Belt and Road initiative not a 'debt trap', says China consul general

KOTA KINABALU: The Belt and Road Initiative (BRI) is not a "debt trap", says a Chinese diplomat.

China's consul general in Kota Kinabalu, Huang Shifang, said this allegation spun by certain quarters was untenable.

"China has always carried out investment and financing cooperation with developing countries based on the principle of openness and transparency," she said.

"China acts in accordance with the laws of the market and international rules and respects the will of others.

"We never force others to borrow from us or forcibly ask any country for debt repayment," she added here on Thursday (Aug 24).

Huang said China had never attached any political strings to loan agreements or exercised any selfish political interests.

To date, she said, none of the partner countries has accepted the claim that the BRI has created so-called debt traps.

"Therefore, this allegation against China is simply untenable," she said when asked about the claim made in certain news articles from the West, during an engagement session with the media here.

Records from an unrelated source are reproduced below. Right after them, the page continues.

(* Let $G$ be a finite simple undirected graph and $k \ge 1$ an integer. Suppose that $n \geq 3$ and that pairwise distinct $k$-cliques $A_1, \dots, A_n$ of $G$ are pairwise adjacent in $\mathsf{TS}_k(G)$. Then either there exist a clique $U \subseteq V(G)$ of size $k+1$ and pairwise distinct vertices $a_1, \dots, a_n \in U$ with $A_i = U \setminus \{a_i\}$ for all $1 \le i \le n$, or there exist a clique $I \subseteq V(G)$ of size $k-1$ and pairwise distinct vertices $a_1, \dots, a_n \in V(G) \setminus I$ with $A_i = I \cup \{a_i\}$ for all $1 \le i \le n$. In particular, if $n > k+1$, the second alternative holds.
   Context: A $k$-clique is a set of $k$ pairwise adjacent vertices. $\mathsf{TS}_k(G)$ is the graph whose vertices are the $k$-cliques of $G$, two $k$-cliques $C, C'$ being adjacent iff there are vertices $u,v$ with $C \setminus C' = \{u\}$, $C' \setminus C = \{v\}$ and $uv \in E(G)$. *)

theory Defs
  imports Main
begin

definition simple_graph :: "'a set \<Rightarrow> ('a \<Rightarrow> 'a \<Rightarrow> bool) \<Rightarrow> bool" where
  "simple_graph V E \<longleftrightarrow> finite V \<and> (\<forall>u v. E u v \<longrightarrow> u \<in> V \<and> v \<in> V)
     \<and> (\<forall>u v. E u v \<longrightarrow> E v u) \<and> (\<forall>u. \<not> E u u)"

definition clique :: "'a set \<Rightarrow> ('a \<Rightarrow> 'a \<Rightarrow> bool) \<Rightarrow> 'a set \<Rightarrow> bool" where
  "clique V E C \<longleftrightarrow> C \<subseteq> V \<and> (\<forall>u\<in>C. \<forall>v\<in>C. u \<noteq> v \<longrightarrow> E u v)"

definition k_clique :: "'a set \<Rightarrow> ('a \<Rightarrow> 'a \<Rightarrow> bool) \<Rightarrow> nat \<Rightarrow> 'a set \<Rightarrow> bool" where
  "k_clique V E k C \<longleftrightarrow> clique V E C \<and> finite C \<and> card C = k"

definition TS_adj :: "'a set \<Rightarrow> ('a \<Rightarrow> 'a \<Rightarrow> bool) \<Rightarrow> nat \<Rightarrow> 'a set \<Rightarrow> 'a set \<Rightarrow> bool" where
  "TS_adj V E k C C' \<longleftrightarrow> k_clique V E k C \<and> k_clique V E k C' \<and>
     (\<exists>u v. C - C' = {u} \<and> C' - C = {v} \<and> E u v)"

end

theory Submission
  imports Defs
begin

text \<open>Two adjacent \<open>k\<close>-cliques \<open>A\<^sub>1, A\<^sub>2\<close> share a core \<open>I = A\<^sub>1 \<inter> A\<^sub>2\<close> of size
\<open>k - 1\<close> and span a clique \<open>U = A\<^sub>1 \<union> A\<^sub>2\<close> of size \<open>k + 1\<close>. A set \<open>C\<close> that is one
swap away from both \<open>A\<^sub>1\<close> and \<open>A\<^sub>2\<close> (that is, \<open>A\<^sub>i - C\<close> and \<open>C - A\<^sub>i\<close> are
singletons) is either \<open>I \<union> {x}\<close> with \<open>x \<notin> U\<close> or \<open>U - {y}\<close>. Sets \<open>I \<union> {x}\<close> with
\<open>x \<notin> U\<close> and \<open>U - {y}\<close> with \<open>y \<in> I\<close> differ in both vertices of \<open>U - I\<close>, so they
are not one swap apart. Hence either all \<open>A\<^sub>i\<close> have the form \<open>U - {a\<^sub>i}\<close>, which
forces \<open>n \<le> k + 1\<close>, or all have the form \<open>I \<union> {a\<^sub>i}\<close>.\<close>

lemma clique_subset: "clique V E C \<Longrightarrow> D \<subseteq> C \<Longrightarrow> clique V E D"
  unfolding clique_def by blast

lemma clique_Un:
  assumes "\<And>x y. E x y \<Longrightarrow> E y x" "clique V E A" "clique V E B"
    and "\<forall>x\<in>A - B. \<forall>y\<in>B - A. E x y"
  shows "clique V E (A \<union> B)"
  using assms unfolding clique_def by (metis Diff_iff Un_iff Un_subset_iff)

lemma card_Int_Un_swap:
  assumes "finite A" "A - B = {u}" "B - A = {v}"
  shows "card (A \<inter> B) = card A - 1" "card (A \<union> B) = card A + 1"
proof -
  have "A \<inter> B = A - {u}" "A \<union> B = insert v A" "v \<notin> A" "u \<in> A"
    using assms(2,3) by blast+
  then show "card (A \<inter> B) = card A - 1" "card (A \<union> B) = card A + 1"
    using assms(1) by simp_all
qed

lemma TS_adj_Int_Un_cliques:
  assumes "simple_graph V E" "TS_adj V E k A B"
  shows "clique V E (A \<inter> B)" "finite (A \<inter> B)" "card (A \<inter> B) = k - 1"
    and "clique V E (A \<union> B)" "finite (A \<union> B)" "card (A \<union> B) = k + 1"
proof -
  obtain u v where uv: "A - B = {u}" "B - A = {v}" "E u v"
    using assms(2) unfolding TS_adj_def by meson
  have A: "clique V E A" "finite A" "card A = k" and B: "clique V E B" "finite B"
    using assms(2) unfolding TS_adj_def k_clique_def by simp_all
  have "\<And>x y. E x y \<Longrightarrow> E y x"
    using assms(1) unfolding simple_graph_def by blast
  moreover have "\<forall>x\<in>A - B. \<forall>y\<in>B - A. E x y"
    using uv by simp
  ultimately show "clique V E (A \<union> B)"
    using clique_Un A(1) B(1) by blast
  show "clique V E (A \<inter> B)"
    using clique_subset[OF A(1)] by blast
  show "finite (A \<inter> B)" "finite (A \<union> B)"
    using A(2) B(2) by simp_all
  show "card (A \<inter> B) = k - 1" "card (A \<union> B) = k + 1"
    using card_Int_Un_swap[OF A(2) uv(1,2)] A(3) by simp_all
qed

lemma swap_pair_decomp:
  assumes "A - B = {u}" "B - A = {v}"
  shows "A = insert u (A \<inter> B)" "B = insert v (A \<inter> B)"
    and "u \<notin> A \<inter> B" "v \<notin> A \<inter> B" "u \<noteq> v"
  using assms by blast+

lemma swap_neighbour_cases:
  assumes "u \<notin> I" "v \<notin> I" "u \<noteq> v"
    and "insert u I - C = {q}" "C - insert u I = {p}" "insert v I - C = {q'}"
  defines "U \<equiv> insert u (insert v I)"
  shows "(\<exists>x. x \<notin> U \<and> C = insert x I) \<or> (\<exists>y\<in>U. C = U - {y})"
proof (cases "q = u")
  case True
  then have C: "C = insert p I"
    using assms(1,4,5) by fastforce
  show ?thesis
  proof (cases "p = v")
    case True
    then have "C = U - {u}"
      using C assms(1-3) unfolding U_def by auto
    then show ?thesis
      unfolding U_def by blast
  next
    case False
    then have "p \<notin> U"
      using assms(5) unfolding U_def by fastforce
    then show ?thesis
      using C by blast
  qed
next
  case False
  then have "q \<in> I"
    using assms(4) by blast
  then have "q' = q"
    using assms(4,6) by fastforce
  then have "v \<in> C"
    using assms(2,6) \<open>q \<in> I\<close> by fastforce
  then have "p = v"
    using assms(2,3,5) by fastforce
  moreover have "C = insert p (insert u I - {q})"
    using assms(4,5) by blast
  ultimately have "C = U - {q}"
    using assms(1-3) \<open>q \<in> I\<close> unfolding U_def by auto
  then show ?thesis
    using \<open>q \<in> I\<close> unfolding U_def by blast
qed

lemma swap_neighbour_of_outside_insert:
  fixes I :: "'a set" and u v :: 'a
  defines "U \<equiv> insert u (insert v I)"
  assumes "u \<notin> I" "v \<notin> I" "u \<noteq> v" "x \<notin> U" "y \<in> U"
    and "(U - {y}) - insert x I = {w}"
  shows "\<exists>z. z \<notin> I \<and> U - {y} = insert z I"
proof -
  have "y \<in> I \<Longrightarrow> {u, v} \<subseteq> (U - {y}) - insert x I"
    using assms(2,3,5) unfolding U_def by auto
  then have "y = u \<or> y = v"
    using assms(4,6,7) unfolding U_def by auto
  then show ?thesis
    using assms(2-4) unfolding U_def by auto
qed

lemma pairwise_swap_family_member_cases:
  assumes swap: "\<forall>i\<in>S. \<forall>j\<in>S. i \<noteq> j \<longrightarrow> (\<exists>q p. F i - F j = {q} \<and> F j - F i = {p})"
    and "i\<^sub>1 \<in> S" "i\<^sub>2 \<in> S" "i\<^sub>1 \<noteq> i\<^sub>2" "i \<in> S"
  defines "I \<equiv> F i\<^sub>1 \<inter> F i\<^sub>2" and "U \<equiv> F i\<^sub>1 \<union> F i\<^sub>2"
  shows "(\<exists>x. x \<notin> U \<and> F i = insert x I) \<or> (\<exists>y\<in>U. F i = U - {y})"
proof -
  obtain u v where "F i\<^sub>1 - F i\<^sub>2 = {u}" "F i\<^sub>2 - F i\<^sub>1 = {v}"
    using swap assms(2-4) by blast
  note uv = swap_pair_decomp[OF this, folded I_def]
  have U: "U = insert u (insert v I)"
    unfolding U_def using uv(1,2) by blast
  consider "i = i\<^sub>1" | "i = i\<^sub>2" | "i \<noteq> i\<^sub>1" "i \<noteq> i\<^sub>2"
    by blast
  then show ?thesis
  proof cases
    case 1
    then have "F i = U - {v}"
      using uv U by auto
    then show ?thesis
      using U by blast
  next
    case 2
    then have "F i = U - {u}"
      using uv U by auto
    then show ?thesis
      using U by blast
  next
    case 3
    then obtain q p q' where "F i\<^sub>1 - F i = {q}" "F i - F i\<^sub>1 = {p}" "F i\<^sub>2 - F i = {q'}"
      using swap assms(2,3,5) by metis
    then show ?thesis
      using swap_neighbour_cases[of u I v "F i"] uv U by metis
  qed
qed

lemma pairwise_swap_family_cases:
  assumes swap: "\<forall>i\<in>S. \<forall>j\<in>S. i \<noteq> j \<longrightarrow> (\<exists>q p. F i - F j = {q} \<and> F j - F i = {p})"
    and "i\<^sub>1 \<in> S" "i\<^sub>2 \<in> S" "i\<^sub>1 \<noteq> i\<^sub>2"
  defines "I \<equiv> F i\<^sub>1 \<inter> F i\<^sub>2" and "U \<equiv> F i\<^sub>1 \<union> F i\<^sub>2"
  shows "(\<forall>i\<in>S. \<exists>y\<in>U. F i = U - {y}) \<or> (\<forall>i\<in>S. \<exists>x. x \<notin> I \<and> F i = insert x I)"
proof (cases "\<forall>i\<in>S. \<exists>y\<in>U. F i = U - {y}")
  case False
  note cases = pairwise_swap_family_member_cases[OF swap assms(2-4), folded I_def U_def]
  obtain u v where "F i\<^sub>1 - F i\<^sub>2 = {u}" "F i\<^sub>2 - F i\<^sub>1 = {v}"
    using swap assms(2-4) by blast
  note uv = swap_pair_decomp[OF this, folded I_def]
  have U: "U = insert u (insert v I)"
    unfolding U_def using uv(1,2) by blast
  obtain j x where j: "j \<in> S" "x \<notin> U" "F j = insert x I"
    using False cases by blast
  have "\<exists>x. x \<notin> I \<and> F i = insert x I" if "i \<in> S" for i
    using cases[OF \<open>i \<in> S\<close>]
  proof
    assume "\<exists>x. x \<notin> U \<and> F i = insert x I"
    then show ?thesis
      using U by blast
  next
    assume "\<exists>y\<in>U. F i = U - {y}"
    then obtain y where y: "y \<in> U" "F i = U - {y}"
      by blast
    then have "i \<noteq> j"
      using j U by auto
    then obtain w where "F i - F j = {w}"
      using swap \<open>i \<in> S\<close> j(1) by blast
    then have "(U - {y}) - insert x I = {w}"
      using y(2) j(3) by simp
    then show ?thesis
      using swap_neighbour_of_outside_insert[of u I v x y w] uv(3-5) j(2) y unfolding U by simp
  qed
  then show ?thesis
    by blast
qed simp

lemma inj_on_parametrisation:
  assumes "inj_on F S" "\<forall>i\<in>S. \<exists>x. P x \<and> F i = G x"
  obtains a where "inj_on a S" "\<forall>i\<in>S. P (a i) \<and> F i = G (a i)"
proof -
  obtain a where a: "\<forall>i\<in>S. P (a i) \<and> F i = G (a i)"
    using bchoice[OF assms(2)] by blast
  then have "inj_on a S"
    using assms(1) unfolding inj_on_def by metis
  with a show thesis
    using that by blast
qed

theorem lemma3p1:
  fixes V :: "'a set" and E :: "'a \<Rightarrow> 'a \<Rightarrow> bool" and k n :: nat
    and A :: "nat \<Rightarrow> 'a set"
  assumes G: "simple_graph V E"
    and k: "k \<ge> 1"
    and n: "n \<ge> 3"
    and cliques: "\<forall>i\<in>{1..n}. k_clique V E k (A i)"
    and distinct: "inj_on A {1..n}"
    and adj: "\<forall>i\<in>{1..n}. \<forall>j\<in>{1..n}. i \<noteq> j \<longrightarrow> TS_adj V E k (A i) (A j)"
  shows "((\<exists>U a. clique V E U \<and> finite U \<and> card U = k + 1 \<and> inj_on a {1..n} \<and>
              (\<forall>i\<in>{1..n}. a i \<in> U \<and> A i = U - {a i}))
          \<or> (\<exists>I a. clique V E I \<and> finite I \<and> card I = k - 1 \<and> inj_on a {1..n} \<and>
              (\<forall>i\<in>{1..n}. a i \<in> V - I \<and> A i = I \<union> {a i})))
       \<and> (n > k + 1 \<longrightarrow>
           (\<exists>I a. clique V E I \<and> finite I \<and> card I = k - 1 \<and> inj_on a {1..n} \<and>
              (\<forall>i\<in>{1..n}. a i \<in> V - I \<and> A i = I \<union> {a i})))"
proof -
  have in_S: "1 \<in> {1..n}" "2 \<in> {1..n}" "(1::nat) \<noteq> 2"
    using n by auto
  have swap: "\<forall>i\<in>{1..n}. \<forall>j\<in>{1..n}. i \<noteq> j \<longrightarrow> (\<exists>q p. A i - A j = {q} \<and> A j - A i = {p})"
    using adj unfolding TS_adj_def by meson
  have "TS_adj V E k (A 1) (A 2)"
    using adj in_S by blast
  note I_U = TS_adj_Int_Un_cliques[OF G this]
  define I U where "I = A 1 \<inter> A 2" and "U = A 1 \<union> A 2"
  note I = I_U(1-3)[folded I_def] and U = I_U(4-6)[folded U_def]
  from pairwise_swap_family_cases[OF swap in_S, folded I_def U_def] show ?thesis
  proof
    assume "\<forall>i\<in>{1..n}. \<exists>y\<in>U. A i = U - {y}"
    then have "\<forall>i\<in>{1..n}. \<exists>y. y \<in> U \<and> A i = U - {y}"
      by blast
    then obtain a where inj: "inj_on a {1..n}"
      and a: "\<forall>i\<in>{1..n}. a i \<in> U \<and> A i = U - {a i}"
      by (rule inj_on_parametrisation[OF distinct])
    have "n \<le> k + 1"
      using card_inj_on_le[OF inj _ U(2)] a U(3) by auto
    then show ?thesis
      using U inj a by auto
  next
    assume "\<forall>i\<in>{1..n}. \<exists>x. x \<notin> I \<and> A i = insert x I"
    then obtain a where inj: "inj_on a {1..n}"
      and a: "\<forall>i\<in>{1..n}. a i \<notin> I \<and> A i = insert (a i) I"
      by (rule inj_on_parametrisation[OF distinct])
    have "\<forall>i\<in>{1..n}. a i \<in> V"
      using a cliques unfolding k_clique_def clique_def by blast
    then have "\<exists>I a. clique V E I \<and> finite I \<and> card I = k - 1 \<and> inj_on a {1..n} \<and>
                (\<forall>i\<in>{1..n}. a i \<in> V - I \<and> A i = I \<union> {a i})"
      using I inj a by (intro exI[of _ I] exI[of _ a]) auto
    then show ?thesis
      by blast
  qed
qed

end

To back this up, Huang pointed out that according to the World Bank’s International Debt Statistics, by the end of 2020, commercial and multilateral creditors accounted for 40% and 34% respectively for the public external debt of 82 low-income and lower middle-income countries.

She said bilateral official creditors took up 26% and China less than 10%; while research by European Network on Debt and Development (Eurodad) on 31 key indebted countries found that 95% of the countries’ sovereign bonds were held by Western financial institutions.

"According to World Bank estimates, low-income and lower middle-income countries have to make US$940bil (R4.364bil) worth of principal and interest repayments in the next seven years," she said.

Huang said that includes US$356.6bil (RM1.655bil) to Western commercial creditors and US$273bil (RM1.267bil) to multilateral institutions, which account for 67% of the total payments due.

"Only 14% of their total payments, or US$130.8bil (RM607.37bil), will go to the Chinese government and commercial institutions," she said.

She said China aims to promote high-quality common development and foster a new era of win-win cooperation within the context of building a China-Malaysia community with a shared future.

"China has always been committed to supporting developing countries in their socio-economic development," Huang stressed.

She shared how insufficient funding was a bottleneck issue for many countries in their pursuit of prosperity and rejuvenation.

She said in light of their respective need for development, China has focused its outbound investment and financing cooperation on infrastructure and production to help developing countries enhance their capacity for self-generated and sustainable development.

"This has contributed to these countries’ economy and peoples’ livelihood and delivered tangible benefits to the local communities," Huang said.

She said the Consulate General office here remains committed to serving as a bridge, facilitating deeper exchanges and cooperation between the two countries across a wide range of sectors.